**TASK ITEM**
In the listing below, find the line with "using cover1 h_in(1) by blast" and the line with "using prod_eqI by blast". Repeat those two lines and all lines between them exactly.

**PROVIDED DATA**
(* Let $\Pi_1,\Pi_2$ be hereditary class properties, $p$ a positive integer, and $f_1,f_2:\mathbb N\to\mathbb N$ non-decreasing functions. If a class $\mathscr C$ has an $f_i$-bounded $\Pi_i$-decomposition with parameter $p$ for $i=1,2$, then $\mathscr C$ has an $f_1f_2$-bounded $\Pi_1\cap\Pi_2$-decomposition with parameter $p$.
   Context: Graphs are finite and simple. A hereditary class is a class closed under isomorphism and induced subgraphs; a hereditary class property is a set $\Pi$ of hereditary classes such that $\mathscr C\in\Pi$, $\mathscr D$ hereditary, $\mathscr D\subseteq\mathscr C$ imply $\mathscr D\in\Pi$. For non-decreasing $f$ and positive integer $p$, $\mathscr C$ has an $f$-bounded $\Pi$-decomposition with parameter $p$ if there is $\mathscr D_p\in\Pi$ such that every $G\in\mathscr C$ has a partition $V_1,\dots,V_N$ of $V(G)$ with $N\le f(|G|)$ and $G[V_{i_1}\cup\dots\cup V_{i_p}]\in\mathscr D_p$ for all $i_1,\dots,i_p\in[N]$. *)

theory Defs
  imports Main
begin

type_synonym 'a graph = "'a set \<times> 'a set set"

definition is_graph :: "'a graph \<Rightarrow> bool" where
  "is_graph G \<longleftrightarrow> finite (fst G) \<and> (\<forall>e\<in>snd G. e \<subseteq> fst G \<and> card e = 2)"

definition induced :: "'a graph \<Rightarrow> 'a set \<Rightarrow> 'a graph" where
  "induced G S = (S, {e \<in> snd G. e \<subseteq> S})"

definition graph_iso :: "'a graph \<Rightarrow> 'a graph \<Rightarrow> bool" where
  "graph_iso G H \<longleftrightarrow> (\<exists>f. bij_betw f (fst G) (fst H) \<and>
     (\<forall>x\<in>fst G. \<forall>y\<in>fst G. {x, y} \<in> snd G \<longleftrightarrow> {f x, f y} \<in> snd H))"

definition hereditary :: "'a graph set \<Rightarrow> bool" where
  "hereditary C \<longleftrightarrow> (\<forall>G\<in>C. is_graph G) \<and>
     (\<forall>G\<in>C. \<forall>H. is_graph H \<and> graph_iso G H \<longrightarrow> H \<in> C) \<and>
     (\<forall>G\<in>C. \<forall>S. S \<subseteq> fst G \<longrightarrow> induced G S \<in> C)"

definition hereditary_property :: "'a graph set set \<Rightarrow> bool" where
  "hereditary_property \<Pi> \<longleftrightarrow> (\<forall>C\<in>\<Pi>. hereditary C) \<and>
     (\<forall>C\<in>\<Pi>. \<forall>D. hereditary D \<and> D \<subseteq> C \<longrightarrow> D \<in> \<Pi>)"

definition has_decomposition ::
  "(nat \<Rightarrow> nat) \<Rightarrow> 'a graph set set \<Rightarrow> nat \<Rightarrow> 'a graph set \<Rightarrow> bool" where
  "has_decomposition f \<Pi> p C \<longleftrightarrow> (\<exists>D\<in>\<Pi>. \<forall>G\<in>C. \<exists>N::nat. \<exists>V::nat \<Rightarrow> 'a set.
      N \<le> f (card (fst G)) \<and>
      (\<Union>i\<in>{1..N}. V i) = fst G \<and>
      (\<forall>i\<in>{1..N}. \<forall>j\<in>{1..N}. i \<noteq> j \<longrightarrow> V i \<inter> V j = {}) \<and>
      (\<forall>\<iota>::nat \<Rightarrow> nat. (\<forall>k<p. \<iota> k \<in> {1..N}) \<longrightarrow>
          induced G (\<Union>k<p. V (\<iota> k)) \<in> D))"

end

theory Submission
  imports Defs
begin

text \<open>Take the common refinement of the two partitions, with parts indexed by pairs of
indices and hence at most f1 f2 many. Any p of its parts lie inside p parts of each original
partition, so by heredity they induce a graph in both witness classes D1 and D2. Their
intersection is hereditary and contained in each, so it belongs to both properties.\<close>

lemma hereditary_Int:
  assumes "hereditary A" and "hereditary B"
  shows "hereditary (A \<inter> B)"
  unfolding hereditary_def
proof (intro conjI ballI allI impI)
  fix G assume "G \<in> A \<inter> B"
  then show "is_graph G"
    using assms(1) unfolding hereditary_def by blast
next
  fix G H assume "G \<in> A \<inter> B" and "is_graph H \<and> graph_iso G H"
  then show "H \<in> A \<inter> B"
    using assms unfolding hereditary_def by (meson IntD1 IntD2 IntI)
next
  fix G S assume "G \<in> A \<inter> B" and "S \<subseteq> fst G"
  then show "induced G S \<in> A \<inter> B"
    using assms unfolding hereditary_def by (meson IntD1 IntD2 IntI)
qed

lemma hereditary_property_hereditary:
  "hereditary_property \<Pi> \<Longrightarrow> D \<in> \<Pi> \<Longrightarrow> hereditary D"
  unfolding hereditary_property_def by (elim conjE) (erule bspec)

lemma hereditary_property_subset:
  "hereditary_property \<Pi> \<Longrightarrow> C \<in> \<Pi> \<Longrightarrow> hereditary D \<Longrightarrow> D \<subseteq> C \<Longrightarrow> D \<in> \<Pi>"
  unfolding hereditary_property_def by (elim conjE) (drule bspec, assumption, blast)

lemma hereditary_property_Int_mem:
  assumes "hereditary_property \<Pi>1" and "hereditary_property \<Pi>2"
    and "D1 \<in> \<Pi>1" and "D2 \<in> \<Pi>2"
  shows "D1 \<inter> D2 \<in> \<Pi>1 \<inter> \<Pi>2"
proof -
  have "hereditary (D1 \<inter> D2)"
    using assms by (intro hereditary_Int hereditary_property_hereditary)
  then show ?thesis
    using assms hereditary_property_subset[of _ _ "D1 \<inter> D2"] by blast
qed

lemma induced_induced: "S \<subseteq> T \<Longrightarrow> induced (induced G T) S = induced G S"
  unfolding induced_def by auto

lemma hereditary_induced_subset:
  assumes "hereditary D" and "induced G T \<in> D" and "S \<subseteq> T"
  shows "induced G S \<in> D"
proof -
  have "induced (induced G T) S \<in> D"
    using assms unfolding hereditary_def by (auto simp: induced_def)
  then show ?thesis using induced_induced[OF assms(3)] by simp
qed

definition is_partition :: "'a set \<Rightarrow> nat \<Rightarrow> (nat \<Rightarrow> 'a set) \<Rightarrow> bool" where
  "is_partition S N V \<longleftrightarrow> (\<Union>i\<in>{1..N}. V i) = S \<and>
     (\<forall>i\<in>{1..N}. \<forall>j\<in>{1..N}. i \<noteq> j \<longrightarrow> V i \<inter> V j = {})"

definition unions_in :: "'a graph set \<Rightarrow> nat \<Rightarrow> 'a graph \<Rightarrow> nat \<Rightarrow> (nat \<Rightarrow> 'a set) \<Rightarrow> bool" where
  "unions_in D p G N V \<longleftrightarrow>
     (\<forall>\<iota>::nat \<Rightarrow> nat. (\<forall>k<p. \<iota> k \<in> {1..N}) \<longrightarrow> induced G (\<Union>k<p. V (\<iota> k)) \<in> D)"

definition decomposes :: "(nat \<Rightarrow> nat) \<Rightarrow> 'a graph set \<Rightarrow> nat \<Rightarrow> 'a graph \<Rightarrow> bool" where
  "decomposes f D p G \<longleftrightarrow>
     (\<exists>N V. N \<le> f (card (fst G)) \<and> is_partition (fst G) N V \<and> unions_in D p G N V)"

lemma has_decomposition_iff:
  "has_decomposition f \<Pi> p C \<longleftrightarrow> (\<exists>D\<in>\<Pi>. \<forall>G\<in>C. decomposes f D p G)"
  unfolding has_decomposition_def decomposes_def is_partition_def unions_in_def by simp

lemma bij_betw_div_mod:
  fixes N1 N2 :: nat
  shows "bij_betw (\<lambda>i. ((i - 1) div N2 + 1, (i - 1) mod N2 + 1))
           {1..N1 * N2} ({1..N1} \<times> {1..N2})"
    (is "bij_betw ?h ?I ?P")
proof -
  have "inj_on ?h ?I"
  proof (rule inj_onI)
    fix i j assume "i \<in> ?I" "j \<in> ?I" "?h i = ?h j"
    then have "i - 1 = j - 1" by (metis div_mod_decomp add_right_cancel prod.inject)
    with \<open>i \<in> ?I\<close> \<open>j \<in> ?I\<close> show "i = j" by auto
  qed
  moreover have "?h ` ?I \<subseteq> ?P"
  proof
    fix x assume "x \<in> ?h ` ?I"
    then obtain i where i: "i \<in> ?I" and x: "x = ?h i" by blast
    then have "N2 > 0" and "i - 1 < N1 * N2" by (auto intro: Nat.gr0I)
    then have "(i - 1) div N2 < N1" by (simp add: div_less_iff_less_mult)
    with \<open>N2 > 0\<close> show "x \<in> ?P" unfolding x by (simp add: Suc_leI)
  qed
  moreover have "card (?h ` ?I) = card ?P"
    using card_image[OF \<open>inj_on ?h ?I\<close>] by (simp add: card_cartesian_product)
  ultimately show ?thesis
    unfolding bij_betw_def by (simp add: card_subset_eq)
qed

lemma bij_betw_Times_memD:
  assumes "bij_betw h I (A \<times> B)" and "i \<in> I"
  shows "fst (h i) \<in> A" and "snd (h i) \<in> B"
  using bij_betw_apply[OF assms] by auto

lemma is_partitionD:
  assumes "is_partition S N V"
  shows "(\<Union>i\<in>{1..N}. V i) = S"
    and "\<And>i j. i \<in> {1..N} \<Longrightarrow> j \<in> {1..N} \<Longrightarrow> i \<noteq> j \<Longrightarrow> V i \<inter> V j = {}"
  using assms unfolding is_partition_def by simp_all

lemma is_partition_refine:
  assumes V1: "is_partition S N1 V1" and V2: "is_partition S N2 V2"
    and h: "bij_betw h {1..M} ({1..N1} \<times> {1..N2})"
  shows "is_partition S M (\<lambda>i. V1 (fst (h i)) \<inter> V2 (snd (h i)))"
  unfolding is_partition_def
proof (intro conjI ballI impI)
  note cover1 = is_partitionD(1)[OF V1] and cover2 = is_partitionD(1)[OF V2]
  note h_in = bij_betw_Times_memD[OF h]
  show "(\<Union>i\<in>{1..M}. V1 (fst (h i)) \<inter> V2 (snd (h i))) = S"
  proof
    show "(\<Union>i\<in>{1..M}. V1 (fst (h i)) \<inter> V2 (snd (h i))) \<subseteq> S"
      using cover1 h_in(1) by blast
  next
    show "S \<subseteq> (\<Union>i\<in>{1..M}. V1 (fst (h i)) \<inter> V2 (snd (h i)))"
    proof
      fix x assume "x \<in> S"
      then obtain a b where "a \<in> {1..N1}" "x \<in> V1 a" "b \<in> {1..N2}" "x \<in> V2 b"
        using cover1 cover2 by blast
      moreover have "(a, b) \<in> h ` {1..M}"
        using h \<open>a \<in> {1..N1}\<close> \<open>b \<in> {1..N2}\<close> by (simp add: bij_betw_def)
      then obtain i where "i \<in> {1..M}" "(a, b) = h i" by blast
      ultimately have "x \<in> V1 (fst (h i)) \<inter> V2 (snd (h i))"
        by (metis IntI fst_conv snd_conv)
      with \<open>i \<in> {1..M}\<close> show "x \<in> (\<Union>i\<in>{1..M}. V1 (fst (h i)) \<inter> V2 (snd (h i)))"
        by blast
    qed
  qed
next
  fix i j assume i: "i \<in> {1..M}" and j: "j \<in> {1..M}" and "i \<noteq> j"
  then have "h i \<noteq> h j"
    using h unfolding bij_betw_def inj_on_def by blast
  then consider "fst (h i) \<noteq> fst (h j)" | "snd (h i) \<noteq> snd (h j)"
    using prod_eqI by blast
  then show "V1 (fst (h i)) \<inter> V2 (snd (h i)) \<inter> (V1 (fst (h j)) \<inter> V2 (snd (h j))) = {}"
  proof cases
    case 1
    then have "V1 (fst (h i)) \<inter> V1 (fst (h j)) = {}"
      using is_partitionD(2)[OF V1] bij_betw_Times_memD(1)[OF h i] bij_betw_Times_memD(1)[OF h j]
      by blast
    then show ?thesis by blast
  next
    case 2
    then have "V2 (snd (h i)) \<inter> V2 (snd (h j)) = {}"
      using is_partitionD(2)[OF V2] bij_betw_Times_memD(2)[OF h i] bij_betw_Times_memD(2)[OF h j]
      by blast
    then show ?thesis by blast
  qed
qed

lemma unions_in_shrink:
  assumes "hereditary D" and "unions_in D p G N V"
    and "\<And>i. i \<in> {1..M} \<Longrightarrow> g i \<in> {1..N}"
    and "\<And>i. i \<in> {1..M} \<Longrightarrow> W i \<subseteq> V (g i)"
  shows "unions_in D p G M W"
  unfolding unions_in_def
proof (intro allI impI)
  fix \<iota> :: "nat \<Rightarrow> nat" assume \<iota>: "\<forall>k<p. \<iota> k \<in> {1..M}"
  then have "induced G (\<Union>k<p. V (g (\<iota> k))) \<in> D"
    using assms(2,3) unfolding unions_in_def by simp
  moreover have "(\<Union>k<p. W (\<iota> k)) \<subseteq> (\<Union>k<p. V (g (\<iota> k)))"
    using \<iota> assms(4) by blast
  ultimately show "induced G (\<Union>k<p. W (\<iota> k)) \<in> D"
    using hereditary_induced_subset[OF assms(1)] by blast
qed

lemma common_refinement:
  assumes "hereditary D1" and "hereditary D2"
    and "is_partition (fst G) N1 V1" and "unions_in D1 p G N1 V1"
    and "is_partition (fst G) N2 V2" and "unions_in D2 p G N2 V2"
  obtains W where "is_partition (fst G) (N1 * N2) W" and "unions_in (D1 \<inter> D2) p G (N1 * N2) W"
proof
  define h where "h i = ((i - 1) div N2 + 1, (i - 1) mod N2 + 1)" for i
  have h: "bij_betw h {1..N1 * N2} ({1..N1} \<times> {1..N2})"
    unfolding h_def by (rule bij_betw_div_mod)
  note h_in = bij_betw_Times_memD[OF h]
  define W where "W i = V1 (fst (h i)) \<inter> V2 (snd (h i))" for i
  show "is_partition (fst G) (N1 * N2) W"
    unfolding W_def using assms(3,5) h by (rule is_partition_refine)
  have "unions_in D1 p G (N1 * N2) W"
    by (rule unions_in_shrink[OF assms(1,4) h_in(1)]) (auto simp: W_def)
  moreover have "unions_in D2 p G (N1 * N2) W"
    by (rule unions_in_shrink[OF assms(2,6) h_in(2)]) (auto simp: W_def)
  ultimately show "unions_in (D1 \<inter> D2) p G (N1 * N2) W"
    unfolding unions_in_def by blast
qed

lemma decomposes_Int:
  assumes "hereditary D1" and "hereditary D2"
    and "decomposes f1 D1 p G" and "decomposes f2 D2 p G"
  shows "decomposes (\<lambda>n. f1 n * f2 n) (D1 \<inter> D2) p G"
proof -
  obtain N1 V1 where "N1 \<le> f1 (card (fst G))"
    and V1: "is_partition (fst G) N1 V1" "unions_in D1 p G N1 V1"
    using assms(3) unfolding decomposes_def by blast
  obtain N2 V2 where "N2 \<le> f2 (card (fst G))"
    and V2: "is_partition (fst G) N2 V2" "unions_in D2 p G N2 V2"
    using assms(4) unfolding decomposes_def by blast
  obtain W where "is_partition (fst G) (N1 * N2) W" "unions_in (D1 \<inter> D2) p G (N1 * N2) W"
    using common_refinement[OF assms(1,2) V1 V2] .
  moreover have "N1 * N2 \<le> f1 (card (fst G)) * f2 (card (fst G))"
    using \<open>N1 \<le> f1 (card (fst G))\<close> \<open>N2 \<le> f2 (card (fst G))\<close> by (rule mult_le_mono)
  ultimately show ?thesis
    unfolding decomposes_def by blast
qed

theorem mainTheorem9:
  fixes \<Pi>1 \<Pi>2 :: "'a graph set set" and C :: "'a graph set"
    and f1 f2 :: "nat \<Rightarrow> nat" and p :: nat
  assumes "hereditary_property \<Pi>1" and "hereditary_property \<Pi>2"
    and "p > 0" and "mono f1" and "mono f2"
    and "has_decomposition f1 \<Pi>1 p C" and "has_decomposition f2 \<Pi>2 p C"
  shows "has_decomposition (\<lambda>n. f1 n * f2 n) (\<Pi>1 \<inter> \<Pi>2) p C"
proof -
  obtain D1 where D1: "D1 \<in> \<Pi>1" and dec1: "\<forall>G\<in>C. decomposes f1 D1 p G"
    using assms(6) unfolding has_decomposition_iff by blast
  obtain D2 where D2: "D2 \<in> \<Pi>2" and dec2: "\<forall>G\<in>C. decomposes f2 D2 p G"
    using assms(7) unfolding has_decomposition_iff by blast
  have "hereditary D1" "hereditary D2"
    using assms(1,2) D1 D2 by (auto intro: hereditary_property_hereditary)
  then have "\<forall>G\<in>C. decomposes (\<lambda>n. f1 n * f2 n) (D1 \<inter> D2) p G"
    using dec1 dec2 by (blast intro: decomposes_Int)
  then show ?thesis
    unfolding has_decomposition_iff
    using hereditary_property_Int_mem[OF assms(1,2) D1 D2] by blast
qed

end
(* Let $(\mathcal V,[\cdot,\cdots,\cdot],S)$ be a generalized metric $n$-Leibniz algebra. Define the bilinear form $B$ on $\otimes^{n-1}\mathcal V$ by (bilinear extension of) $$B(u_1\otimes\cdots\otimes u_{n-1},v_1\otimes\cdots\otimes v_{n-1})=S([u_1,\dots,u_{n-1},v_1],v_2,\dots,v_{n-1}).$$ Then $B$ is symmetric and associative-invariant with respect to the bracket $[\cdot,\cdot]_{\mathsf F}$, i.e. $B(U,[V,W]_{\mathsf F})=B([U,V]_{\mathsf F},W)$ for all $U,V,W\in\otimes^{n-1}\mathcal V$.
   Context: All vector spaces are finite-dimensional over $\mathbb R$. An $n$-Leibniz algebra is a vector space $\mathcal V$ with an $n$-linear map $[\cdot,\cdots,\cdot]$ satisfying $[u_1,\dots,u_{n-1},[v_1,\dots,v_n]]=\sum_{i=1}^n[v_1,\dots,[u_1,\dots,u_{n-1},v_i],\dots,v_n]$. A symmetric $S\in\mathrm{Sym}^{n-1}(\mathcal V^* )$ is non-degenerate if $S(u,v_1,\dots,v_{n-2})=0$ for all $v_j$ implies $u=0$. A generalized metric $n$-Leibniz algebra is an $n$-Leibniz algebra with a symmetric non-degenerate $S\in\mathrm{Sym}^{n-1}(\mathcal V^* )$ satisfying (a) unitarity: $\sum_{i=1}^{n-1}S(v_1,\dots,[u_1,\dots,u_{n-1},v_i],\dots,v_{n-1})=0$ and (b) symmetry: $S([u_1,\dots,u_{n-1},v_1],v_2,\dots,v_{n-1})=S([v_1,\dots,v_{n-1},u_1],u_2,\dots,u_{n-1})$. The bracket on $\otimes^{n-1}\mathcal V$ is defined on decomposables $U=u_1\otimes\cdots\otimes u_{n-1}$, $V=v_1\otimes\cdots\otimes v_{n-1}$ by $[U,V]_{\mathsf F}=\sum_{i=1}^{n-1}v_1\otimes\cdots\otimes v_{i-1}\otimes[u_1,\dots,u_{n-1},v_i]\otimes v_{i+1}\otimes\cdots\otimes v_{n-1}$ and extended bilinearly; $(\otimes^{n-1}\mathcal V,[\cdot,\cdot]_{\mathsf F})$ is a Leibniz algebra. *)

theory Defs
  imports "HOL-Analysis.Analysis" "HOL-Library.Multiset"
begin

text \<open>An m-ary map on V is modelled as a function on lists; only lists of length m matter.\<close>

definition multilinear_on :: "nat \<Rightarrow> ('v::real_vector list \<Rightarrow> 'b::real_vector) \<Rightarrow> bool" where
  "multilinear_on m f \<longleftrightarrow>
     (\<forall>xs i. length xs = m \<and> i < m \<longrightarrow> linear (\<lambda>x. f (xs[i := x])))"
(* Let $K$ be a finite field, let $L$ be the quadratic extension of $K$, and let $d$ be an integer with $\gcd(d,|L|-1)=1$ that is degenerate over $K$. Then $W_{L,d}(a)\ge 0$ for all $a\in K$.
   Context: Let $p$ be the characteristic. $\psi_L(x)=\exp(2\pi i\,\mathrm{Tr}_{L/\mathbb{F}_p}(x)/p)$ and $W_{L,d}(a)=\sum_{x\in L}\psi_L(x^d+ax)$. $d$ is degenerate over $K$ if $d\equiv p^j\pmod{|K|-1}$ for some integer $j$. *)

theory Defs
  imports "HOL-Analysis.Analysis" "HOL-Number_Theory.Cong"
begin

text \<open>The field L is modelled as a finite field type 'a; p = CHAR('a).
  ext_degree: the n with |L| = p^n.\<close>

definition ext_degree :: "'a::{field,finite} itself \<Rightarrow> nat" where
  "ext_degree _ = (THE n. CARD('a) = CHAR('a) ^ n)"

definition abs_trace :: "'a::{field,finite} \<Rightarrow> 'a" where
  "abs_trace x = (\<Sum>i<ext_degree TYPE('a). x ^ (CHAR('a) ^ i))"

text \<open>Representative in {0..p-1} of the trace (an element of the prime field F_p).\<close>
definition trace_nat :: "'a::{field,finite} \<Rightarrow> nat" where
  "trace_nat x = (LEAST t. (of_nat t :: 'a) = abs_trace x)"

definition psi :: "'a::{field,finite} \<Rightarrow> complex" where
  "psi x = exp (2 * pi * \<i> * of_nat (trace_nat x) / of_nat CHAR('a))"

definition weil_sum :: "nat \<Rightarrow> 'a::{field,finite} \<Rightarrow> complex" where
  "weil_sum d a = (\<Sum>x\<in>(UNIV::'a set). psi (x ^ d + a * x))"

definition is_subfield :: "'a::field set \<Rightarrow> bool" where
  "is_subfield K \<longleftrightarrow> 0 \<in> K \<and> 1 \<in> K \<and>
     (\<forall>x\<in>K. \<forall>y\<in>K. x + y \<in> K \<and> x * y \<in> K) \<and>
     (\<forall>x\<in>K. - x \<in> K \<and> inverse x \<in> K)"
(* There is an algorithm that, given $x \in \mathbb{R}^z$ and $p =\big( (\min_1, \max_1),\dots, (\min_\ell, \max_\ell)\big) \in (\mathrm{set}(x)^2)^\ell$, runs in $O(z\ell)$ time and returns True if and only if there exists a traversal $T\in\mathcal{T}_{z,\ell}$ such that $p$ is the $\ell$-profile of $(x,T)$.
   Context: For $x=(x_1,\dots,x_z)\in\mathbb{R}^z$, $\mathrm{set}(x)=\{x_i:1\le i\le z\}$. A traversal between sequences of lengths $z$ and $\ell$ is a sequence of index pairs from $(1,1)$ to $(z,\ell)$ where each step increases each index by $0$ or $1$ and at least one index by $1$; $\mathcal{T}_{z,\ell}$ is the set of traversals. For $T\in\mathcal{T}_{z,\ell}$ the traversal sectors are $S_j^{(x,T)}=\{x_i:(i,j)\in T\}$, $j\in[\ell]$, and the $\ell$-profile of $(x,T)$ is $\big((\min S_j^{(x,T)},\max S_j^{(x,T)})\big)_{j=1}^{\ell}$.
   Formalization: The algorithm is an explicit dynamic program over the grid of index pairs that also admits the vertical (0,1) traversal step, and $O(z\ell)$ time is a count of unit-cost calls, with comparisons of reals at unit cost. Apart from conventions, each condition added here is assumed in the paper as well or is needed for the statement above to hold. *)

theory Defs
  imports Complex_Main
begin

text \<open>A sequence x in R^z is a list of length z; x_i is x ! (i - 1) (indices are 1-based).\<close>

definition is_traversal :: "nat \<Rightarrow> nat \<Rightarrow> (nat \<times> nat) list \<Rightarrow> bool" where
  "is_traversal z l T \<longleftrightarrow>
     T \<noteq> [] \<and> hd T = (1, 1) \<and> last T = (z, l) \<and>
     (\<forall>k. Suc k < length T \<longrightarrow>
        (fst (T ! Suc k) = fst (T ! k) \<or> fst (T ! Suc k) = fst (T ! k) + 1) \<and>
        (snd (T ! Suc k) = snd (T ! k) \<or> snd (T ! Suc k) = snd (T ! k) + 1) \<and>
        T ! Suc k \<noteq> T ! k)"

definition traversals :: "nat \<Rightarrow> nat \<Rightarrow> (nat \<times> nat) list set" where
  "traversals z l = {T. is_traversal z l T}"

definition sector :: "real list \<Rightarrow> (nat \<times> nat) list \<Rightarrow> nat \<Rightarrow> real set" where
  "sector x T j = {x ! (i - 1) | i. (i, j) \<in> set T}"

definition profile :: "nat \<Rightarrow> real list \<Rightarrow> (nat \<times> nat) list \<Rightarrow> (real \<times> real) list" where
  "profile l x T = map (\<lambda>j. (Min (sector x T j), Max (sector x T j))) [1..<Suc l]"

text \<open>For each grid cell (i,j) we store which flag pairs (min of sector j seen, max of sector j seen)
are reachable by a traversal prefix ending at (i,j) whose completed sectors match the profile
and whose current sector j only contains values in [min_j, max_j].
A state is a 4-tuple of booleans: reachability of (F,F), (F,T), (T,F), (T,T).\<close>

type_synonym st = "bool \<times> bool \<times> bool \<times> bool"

**SOLUTION FOR THIS PROBLEM**
      using cover1 h_in(1) by blast
  next
    show "S \<subseteq> (\<Union>i\<in>{1..M}. V1 (fst (h i)) \<inter> V2 (snd (h i)))"
    proof
      fix x assume "x \<in> S"
      then obtain a b where "a \<in> {1..N1}" "x \<in> V1 a" "b \<in> {1..N2}" "x \<in> V2 b"
        using cover1 cover2 by blast
      moreover have "(a, b) \<in> h ` {1..M}"
        using h \<open>a \<in> {1..N1}\<close> \<open>b \<in> {1..N2}\<close> by (simp add: bij_betw_def)
      then obtain i where "i \<in> {1..M}" "(a, b) = h i" by blast
      ultimately have "x \<in> V1 (fst (h i)) \<inter> V2 (snd (h i))"
        by (metis IntI fst_conv snd_conv)
      with \<open>i \<in> {1..M}\<close> show "x \<in> (\<Union>i\<in>{1..M}. V1 (fst (h i)) \<inter> V2 (snd (h i)))"
        by blast
    qed
  qed
next
  fix i j assume i: "i \<in> {1..M}" and j: "j \<in> {1..M}" and "i \<noteq> j"
  then have "h i \<noteq> h j"
    using h unfolding bij_betw_def inj_on_def by blast
  then consider "fst (h i) \<noteq> fst (h j)" | "snd (h i) \<noteq> snd (h j)"
    using prod_eqI by blast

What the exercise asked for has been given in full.